You can definitely feel the effect when you make something from nothing, so a smaller effect from assembling some Ikea crap makes sense. I actually just got that yesterday. I have an area dedicated for mancave status, but the area is almost totally devoid of furniture sooo.... I went out and got me a project desk. I checked it out on the store floor, thought it was a bit flimsy, but I got it anyways because I can't stand having crap piled on the floor anymore. After building it and filling it with manly shit, I'm not so put off by its shortcomings anymore. But I totally feel kleinbl00, Ikea gets old once you find out that it's virtually impossible to snap that one metal hinge to that plastic thing without breaking it.

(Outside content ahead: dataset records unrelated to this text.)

(* Let $\ast$ be a continuous $t$-norm and let $(X,M_X,\ast)$ and $(Y,M_Y,\ast)$ be compact non-Archimedean fuzzy metric spaces. Suppose that $t>0$ and $0<\varepsilon<1$ satisfy $M_{GH}(X,Y,t)>1-\varepsilon$. Then there exist $n\in\mathbb N$, points $x_1,\dots,x_n\in X$ and points $y_1,\dots,y_n\in Y$ such that: (i) for every $x\in X$ there is $i$ with $M_X(x,x_i,t)>(1-\varepsilon)\ast(1-\varepsilon)\ast(1-\varepsilon)$, and for every $y\in Y$ there is $i$ with $M_Y(y,y_i,t)>(1-\varepsilon)\ast(1-\varepsilon)\ast(1-\varepsilon)$; (ii) for all $i,j\in\{1,\dots,n\}$: (a) $M_X(x_i,x_j,t)\ge M_Y(y_i,y_j,t)\ast(1-\varepsilon)\ast(1-\varepsilon)$; (b) $M_Y(y_i,y_j,t)\ge M_X(x_i,x_j,t)\ast(1-\varepsilon)\ast(1-\varepsilon)$.
   Context: A continuous $t$-norm is a binary operation $\ast:[0,1]\times[0,1]\to[0,1]$ which is associative, commutative, continuous, satisfies $a\ast 1=a$ for all $a$, and is monotone ($a\ast b\le c\ast d$ whenever $a\le c$, $b\le d$); by associativity, iterated expressions such as $a\ast b\ast c$ are unambiguous. A fuzzy metric space $(X,M,\ast)$ consists of a set $X$, a continuous $t$-norm $\ast$ and a map $M:X\times X\times[0,\infty)\to[0,1]$ such that for all $x,y,z\in X$ and $t,s>0$: (KM1) $M(x,y,0)=0$; (KM2) $M(x,y,t)=1$ for all $t>0$ if and only if $x=y$; (KM3) $M(x,y,t)=M(y,x,t)$; (KM4) $M(x,y,t)\ast M(y,z,s)\le M(x,z,t+s)$; (KM5) $M(x,y,\cdot):[0,\infty)\to[0,1]$ is left continuous. It is non-Archimedean if moreover $M(x,z,\max\{t,s\})\ge M(x,y,t)\ast M(y,z,s)$ for all $x,y,z\in X$, $t,s>0$; equivalently, $M(x,z,t)\ge M(x,y,t)\ast M(y,z,t)$ for all $x,y,z$, $t>0$, and $M(x,y,\cdot)$ is nondecreasing. The topology of $(X,M,\ast)$ is the one having as neighbourhood base at $x$ the balls $B(x,\varepsilon,t)=\{y\in X: M(x,y,t)>1-\varepsilon\}$, $0<\varepsilon<1$, $t>0$; "compact" refers to this topology. For nonempty compact $A,B\subseteq X$ and $t\ge 0$: $M(x,A,t)=\sup_{a\in A}M(x,a,t)$, $M(A,b,t)=\sup_{a\in A}M(a,b,t)$, and $H_M(A,B,t)=\min\{\inf_{a\in A}M(a,B,t),\ \inf_{b\in B}M(A,b,t)\}$. For non-Archimedean fuzzy metric spaces $(X,M_X,\ast)$, $(Y,M_Y,\ast)$ with the same $t$-norm, a fuzzy metric $M$ (with $t$-norm $\ast$) on the disjoint union $X\sqcup Y$ is admissible if its restrictions to $X$ and to $Y$ are $M_X$ and $M_Y$. The non-Archimedean Gromov–Hausdorff fuzzy metric is $M_{GH}(X,Y,t)=\sup\{H_M(X,Y,t): M \text{ an admissible non-Archimedean fuzzy metric on } X\sqcup Y\}$ for $t\ge0$. *)

theory Defs
  imports "HOL-Analysis.Analysis"
begin

text \<open>Continuous t-norm on [0,1], represented as a real function; only its values on
  [0,1] x [0,1] matter.\<close>
definition cont_tnorm :: "(real \<Rightarrow> real \<Rightarrow> real) \<Rightarrow> bool" where
  "cont_tnorm T \<longleftrightarrow>
     (\<forall>a\<in>{0..1}. \<forall>b\<in>{0..1}. T a b \<in> {0..1}) \<and>
     (\<forall>a\<in>{0..1}. \<forall>b\<in>{0..1}. \<forall>c\<in>{0..1}. T (T a b) c = T a (T b c)) \<and>
     (\<forall>a\<in>{0..1}. \<forall>b\<in>{0..1}. T a b = T b a) \<and>
     continuous_on ({0..1} \<times> {0..1}) (\<lambda>(a, b). T a b) \<and>
     (\<forall>a\<in>{0..1}. T a 1 = a) \<and>
     (\<forall>a\<in>{0..1}. \<forall>b\<in>{0..1}. \<forall>c\<in>{0..1}. \<forall>d\<in>{0..1}.
        a \<le> c \<longrightarrow> b \<le> d \<longrightarrow> T a b \<le> T c d)"

text \<open>Fuzzy metric space (X, M, T) in the sense of Kramosil-Michalek (KM1)-(KM5);
  M is only relevant on X x X x [0,\<infinity>).\<close>
definition fuzzy_metric :: "'a set \<Rightarrow> ('a \<Rightarrow> 'a \<Rightarrow> real \<Rightarrow> real) \<Rightarrow> (real \<Rightarrow> real \<Rightarrow> real) \<Rightarrow> bool" where
  "fuzzy_metric X M T \<longleftrightarrow>
     cont_tnorm T \<and>
     (\<forall>x\<in>X. \<forall>y\<in>X. \<forall>t\<ge>0. M x y t \<in> {0..1}) \<and>
     (\<forall>x\<in>X. \<forall>y\<in>X. M x y 0 = 0) \<and>
     (\<forall>x\<in>X. \<forall>y\<in>X. (\<forall>t>0. M x y t = 1) \<longleftrightarrow> x = y) \<and>
     (\<forall>x\<in>X. \<forall>y\<in>X. \<forall>t>0. M x y t = M y x t) \<and>
     (\<forall>x\<in>X. \<forall>y\<in>X. \<forall>z\<in>X. \<forall>t>0. \<forall>s>0. T (M x y t) (M y z s) \<le> M x z (t + s)) \<and>
     (\<forall>x\<in>X. \<forall>y\<in>X. \<forall>t>0. ((M x y) \<longlongrightarrow> M x y t) (at_left t))"

definition na_fuzzy_metric :: "'a set \<Rightarrow> ('a \<Rightarrow> 'a \<Rightarrow> real \<Rightarrow> real) \<Rightarrow> (real \<Rightarrow> real \<Rightarrow> real) \<Rightarrow> bool" where
  "na_fuzzy_metric X M T \<longleftrightarrow>
     fuzzy_metric X M T \<and>
     (\<forall>x\<in>X. \<forall>y\<in>X. \<forall>z\<in>X. \<forall>t>0. \<forall>s>0. M x z (max t s) \<ge> T (M x y t) (M y z s))"

definition fball :: "'a set \<Rightarrow> ('a \<Rightarrow> 'a \<Rightarrow> real \<Rightarrow> real) \<Rightarrow> 'a \<Rightarrow> real \<Rightarrow> real \<Rightarrow> 'a set" where
  "fball X M x e t = {y\<in>X. M x y t > 1 - e}"

definition fopen :: "'a set \<Rightarrow> ('a \<Rightarrow> 'a \<Rightarrow> real \<Rightarrow> real) \<Rightarrow> 'a set \<Rightarrow> bool" where
  "fopen X M U \<longleftrightarrow> U \<subseteq> X \<and>
     (\<forall>x\<in>U. \<exists>e t. 0 < e \<and> e < 1 \<and> 0 < t \<and> fball X M x e t \<subseteq> U)"

definition fcompact :: "'a set \<Rightarrow> ('a \<Rightarrow> 'a \<Rightarrow> real \<Rightarrow> real) \<Rightarrow> bool" where
  "fcompact X M \<longleftrightarrow>
     (\<forall>\<U>. (\<forall>U\<in>\<U>. fopen X M U) \<and> X \<subseteq> \<Union>\<U> \<longrightarrow>
        (\<exists>\<F>. \<F> \<subseteq> \<U> \<and> finite \<F> \<and> X \<subseteq> \<Union>\<F>))"

definition hausdorff_fm :: "('a \<Rightarrow> 'a \<Rightarrow> real \<Rightarrow> real) \<Rightarrow> 'a set \<Rightarrow> 'a set \<Rightarrow> real \<Rightarrow> real" where
  "hausdorff_fm M A B t =
     min (INF a\<in>A. (SUP b\<in>B. M a b t)) (INF b\<in>B. (SUP a\<in>A. M a b t))"

definition admissible :: "'a set \<Rightarrow> ('a \<Rightarrow> 'a \<Rightarrow> real \<Rightarrow> real) \<Rightarrow> 'b set \<Rightarrow> ('b \<Rightarrow> 'b \<Rightarrow> real \<Rightarrow> real)
    \<Rightarrow> (real \<Rightarrow> real \<Rightarrow> real) \<Rightarrow> ('a + 'b \<Rightarrow> 'a + 'b \<Rightarrow> real \<Rightarrow> real) \<Rightarrow> bool" where
  "admissible X MX Y MY T M \<longleftrightarrow>
     na_fuzzy_metric (Inl ` X \<union> Inr ` Y) M T \<and>
     (\<forall>x\<in>X. \<forall>x'\<in>X. \<forall>t\<ge>0. M (Inl x) (Inl x') t = MX x x' t) \<and>
     (\<forall>y\<in>Y. \<forall>y'\<in>Y. \<forall>t\<ge>0. M (Inr y) (Inr y') t = MY y y' t)"

definition M_GH :: "'a set \<Rightarrow> ('a \<Rightarrow> 'a \<Rightarrow> real \<Rightarrow> real) \<Rightarrow> 'b set \<Rightarrow> ('b \<Rightarrow> 'b \<Rightarrow> real \<Rightarrow> real)
    \<Rightarrow> (real \<Rightarrow> real \<Rightarrow> real) \<Rightarrow> real \<Rightarrow> real" where
  "M_GH X MX Y MY T t =
     (SUP M\<in>{M. admissible X MX Y MY T M}. hausdorff_fm M (Inl ` X) (Inr ` Y) t)"

end

theory Submission
  imports Defs
begin

text \<open>An admissible metric \<open>M\<close> on \<open>X \<squnion> Y\<close> with \<open>H\<^sub>M(X, Y, t) > 1 - \<epsilon>\<close> relates every point of
  \<open>X\<close> to a point of \<open>Y\<close> at closeness \<open>> 1 - \<epsilon>\<close>, and vice versa. Compactness gives finite
  \<open>(1 - \<epsilon>)\<close>-nets of \<open>X\<close> and \<open>Y\<close>; pairing each net point with such a partner yields the points
  \<open>x\<^sub>i, y\<^sub>i\<close>. For two pairs, the non-Archimedean triangle inequality along
  \<open>x\<^sub>i \<rightarrow> y\<^sub>i \<rightarrow> y\<^sub>j \<rightarrow> x\<^sub>j\<close> (and along \<open>y\<^sub>i \<rightarrow> x\<^sub>i \<rightarrow> x\<^sub>j \<rightarrow> y\<^sub>j\<close>) gives (ii).\<close>

lemma cont_tnorm_range:
  assumes "cont_tnorm T" "a \<in> {0..1}" "b \<in> {0..1}"
  shows "T a b \<in> {0..1}"
  using assms unfolding cont_tnorm_def by blast

lemma cont_tnorm_commute:
  assumes "cont_tnorm T" "a \<in> {0..1}" "b \<in> {0..1}"
  shows "T a b = T b a"
  using assms unfolding cont_tnorm_def by blast

lemma cont_tnorm_one:
  assumes "cont_tnorm T" "a \<in> {0..1}"
  shows "T a 1 = a"
  using assms unfolding cont_tnorm_def by blast

lemma cont_tnorm_mono:
  assumes "cont_tnorm T" "a \<in> {0..1}" "b \<in> {0..1}" "c \<in> {0..1}" "d \<in> {0..1}"
    and "a \<le> c" "b \<le> d"
  shows "T a b \<le> T c d"
  using assms unfolding cont_tnorm_def by blast

lemma cont_tnorm_continuous:
  "cont_tnorm T \<Longrightarrow> continuous_on ({0..1} \<times> {0..1}) (\<lambda>(a, b). T a b)"
  unfolding cont_tnorm_def by (elim conjE)

lemma cont_tnorm_le_left:
  assumes "cont_tnorm T" "a \<in> {0..1}" "b \<in> {0..1}"
  shows "T a b \<le> a"
  using cont_tnorm_mono[OF assms(1,2,3) assms(2), of 1] cont_tnorm_one[OF assms(1,2)] assms(3)
  by simp

lemma cont_tnorm_le_right:
  assumes "cont_tnorm T" "a \<in> {0..1}" "b \<in> {0..1}"
  shows "T a b \<le> b"
  using cont_tnorm_le_left[OF assms(1,3,2)] cont_tnorm_commute[OF assms] by simp

lemma cont_tnorm_cube_le:
  assumes "cont_tnorm T" "a \<in> {0..1}"
  shows "T (T a a) a \<le> a"
  using cont_tnorm_le_left[OF assms(1) cont_tnorm_range[OF assms assms(2)] assms(2)]
    cont_tnorm_le_left[OF assms assms(2)] by linarith

lemma na_fuzzy_metric_fuzzy_metric: "na_fuzzy_metric X M T \<Longrightarrow> fuzzy_metric X M T"
  unfolding na_fuzzy_metric_def by (elim conjE)

lemma fuzzy_metric_cont_tnorm: "fuzzy_metric X M T \<Longrightarrow> cont_tnorm T"
  unfolding fuzzy_metric_def by (elim conjE)

lemma fuzzy_metric_range:
  assumes "fuzzy_metric X M T" "x \<in> X" "y \<in> X" "t \<ge> 0"
  shows "M x y t \<in> {0..1}"
proof -
  have "\<forall>x\<in>X. \<forall>y\<in>X. \<forall>t\<ge>0. M x y t \<in> {0..1}"
    using assms(1) unfolding fuzzy_metric_def by (elim conjE)
  then show ?thesis using assms(2-) by blast
qed

lemma fuzzy_metric_zero:
  assumes "fuzzy_metric X M T" "x \<in> X" "y \<in> X"
  shows "M x y 0 = 0"
proof -
  have "\<forall>x\<in>X. \<forall>y\<in>X. M x y 0 = 0"
    using assms(1) unfolding fuzzy_metric_def by (elim conjE)
  then show ?thesis using assms(2-) by blast
qed

lemma fuzzy_metric_eq_iff:
  assumes "fuzzy_metric X M T" "x \<in> X" "y \<in> X"
  shows "(\<forall>t>0. M x y t = 1) \<longleftrightarrow> x = y"
proof -
  have "\<forall>x\<in>X. \<forall>y\<in>X. (\<forall>t>0. M x y t = 1) \<longleftrightarrow> x = y"
    using assms(1) unfolding fuzzy_metric_def by (elim conjE)
  then show ?thesis using assms(2-) by blast
qed

lemma fuzzy_metric_self:
  assumes "fuzzy_metric X M T" "x \<in> X" "t > 0"
  shows "M x x t = 1"
  using fuzzy_metric_eq_iff[OF assms(1,2,2)] assms(3) by blast

lemma fuzzy_metric_commute:
  assumes "fuzzy_metric X M T" "x \<in> X" "y \<in> X" "t > 0"
  shows "M x y t = M y x t"
proof -
  have "\<forall>x\<in>X. \<forall>y\<in>X. \<forall>t>0. M x y t = M y x t"
    using assms(1) unfolding fuzzy_metric_def by (elim conjE)
  then show ?thesis using assms(2-) by blast
qed

lemma fuzzy_metric_triangle:
  assumes "fuzzy_metric X M T" "x \<in> X" "y \<in> X" "z \<in> X" "t > 0" "s > 0"
  shows "T (M x y t) (M y z s) \<le> M x z (t + s)"
proof -
  have "\<forall>x\<in>X. \<forall>y\<in>X. \<forall>z\<in>X. \<forall>t>0. \<forall>s>0. T (M x y t) (M y z s) \<le> M x z (t + s)"
    using assms(1) unfolding fuzzy_metric_def by (elim conjE)
  then show ?thesis using assms(2-) by blast
qed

The desk still works somehow though.
Was that a guy hammering something down with his phone in the first 10 seconds?
I'm a big fan of Dan Ariely, and have mentioned the Ikea Effect in the past. But lately I've wondered if there's a corollary. We bought my daughter a big girl bed for her birthday. We all thought it would be fun to paint it. Which meant I got to learn how much fun it isn't to paint Ikea, especially with a 4-year old, and then learn how unpleasant it is to assemble painted Ikea furniture. And there's a lot of Ikea in this here birth center. We've literally loaded long-bed pickup trucks to the brim and then spent all weekend assembling fucking Ikea. And when you've got real cabinets that you didn't have to put together next to Ikea cabinets? You realize that in many ways, being forced to "sign your name" to something before it's done just pisses you off.
Have you read much of Ariely's stuff? I liked the post and was thinking of checking out his writings. Seems like it would be useful with teaching my middle schoolers. I'm definitely a "more carrot, less stick" person when it comes to motivating my students. Do you think it would be worthwhile for me to take a look?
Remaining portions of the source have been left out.